PKV mit Scheideninfektion
Wie wirkt sich diese Vorerkrankung auf Deine private Krankenversicherung aus?
Eine Scheideninfektion, auch Vaginitis genannt, ist eine Entzündung der Vagina. Sie kann durch verschiedene Faktoren verursacht werden, darunter bakterielle Überwucherung (bakterielle Vaginose), Hefepilze (Candidiasis) oder Trichomoniasis (eine sexuell übertragbare Infektion). Symptome sind oft Juckreiz, Brennen, ungewöhnlicher Ausfluss, Geruch und Schmerzen beim Geschlechtsverkehr oder Wasserlassen. Obwohl in der Regel nicht lebensbedrohlich, können unbehandelte Infektionen zu Unbehagen führen, sich auf andere Fortpflanzungsorgane ausbreiten und die Anfälligkeit für andere sexuell übertragbare Krankheiten erhöhen. Die Diagnose erfolgt typischerweise durch eine gynäkologische Untersuchung und mikroskopische Analyse des Vaginalsekrets, gefolgt von einer gezielten Behandlung.
PKV-Risikobewertung
Auswirkungen auf Deinen Versicherungsschutz
Krankheitsdauer (erstmalig)
Typischerweise 3-10 Tage mit Behandlung; kann unbehandelt wochenlang anhalten.

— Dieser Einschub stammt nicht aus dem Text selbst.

(* Assume there exist $\nu>0$ and constants $0<C_1\le C_2$, independent of $m$ and $u$, such that $C_1|m|^{-2\nu}\le|g_m(u)|^2\le C_2|m|^{-2\nu}$ for all $m$ and $u\in[0,1]$. Then the estimator $\widetilde\beta_{j,k,j',k'}$ satisfies $$\mathrm{Var}\big(\widetilde\beta_{j,k,j',k'}\big)\asymp\varepsilon^2\,2^{2j\nu}.$$
   Context: Model: for $\varepsilon>0$ one observes $y(u,t)=\int_0^1 g(u,t-x)f(u,x)\,dx+\varepsilon z(u,t)$, $u,t\in[0,1]$, where $f,g$ are periodic (period 1) in the second argument, $g$ is known, and $z$ is a two-dimensional Gaussian white noise. Let $e_m(t)=e^{i2\pi mt}$ and for a function $w(u,t)$ set $w_m(u)=\int_0^1 w(u,t)\overline{e_m(t)}\,dt$ (applied to $y$ and $g$). Let $\{\psi_{j,k}\}$ be a periodized band-limited (Meyer-type) wavelet basis of $L^2[0,1]$, $\psi_{j,k,m}=\langle e_m,\psi_{j,k}\rangle$, $W_j=\{m:\psi_{j,k,m}\ne0\}$, and let $\{\eta_{j',k'}\}$ be a periodized compactly supported (Daubechies-type) wavelet basis of $L^2[0,1]$. Define $$\widetilde\beta_{j,k,j',k'}=\sum_{m\in W_j}\overline{\psi_{j,k,m}}\int_0^1\frac{y_m(u)}{g_m(u)}\eta_{j',k'}(u)\,du.$$ The notation $a\asymp b$ means $a/b$ is bounded above and below by positive constants independent of $\varepsilon$. *)

theory Defs
  imports "HOL-Probability.Probability"
begin

definition S01 :: "(real \<times> real) set" where
  "S01 = {0..1} \<times> {0..1}"

definition expo :: "int \<Rightarrow> real \<Rightarrow> complex" where
  "expo m t = cis (2 * pi * real_of_int m * t)"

Krankheitsdauer (lebenslang)
Kann ein einmaliges Ereignis sein, ist aber oft wiederkehrend, insbesondere bei prädisponierenden Faktoren.
Behandlungskosten (erstmalig)
Ungefähr 50 - 300 US-Dollar (Arztbesuch, Labortests, Medikamente).
Behandlungskosten (lebenslang)
Sehr variabel; von 50 US-Dollar (einmaliges Vorkommen) bis zu mehreren hundert US-Dollar für wiederkehrende Fälle über Jahre hinweg.
Mortalitätsrate
Extrem niedrig, praktisch Null, wenn ordnungsgemäß behandelt.
Risiko für Folgeschäden
Niedrig bis moderat. Unbehandelte Infektionen können zu einer Beckenentzündung (PID), einem erhöhten Risiko für sexuell übertragbare Krankheiten und Schwangerschaftskomplikationen führen. Psychologische Auswirkungen aufgrund von Unbehagen und Wiederauftreten sind ebenfalls möglich.
Wahrscheinlichkeit der vollständigen Heilung
Sehr hoch (>95%) bei entsprechender Diagnose und Behandlung.
Risiko für Grunderkrankungen
Moderat. Erhöhtes Risiko bei Personen mit Diabetes, geschwächtem Immunsystem, hormonellen Ungleichgewichten oder häufiger Antibiotikaeinnahme. Kann auch zusammen mit oder als Symptom anderer sexuell übertragbarer Infektionen (STIs) auftreten.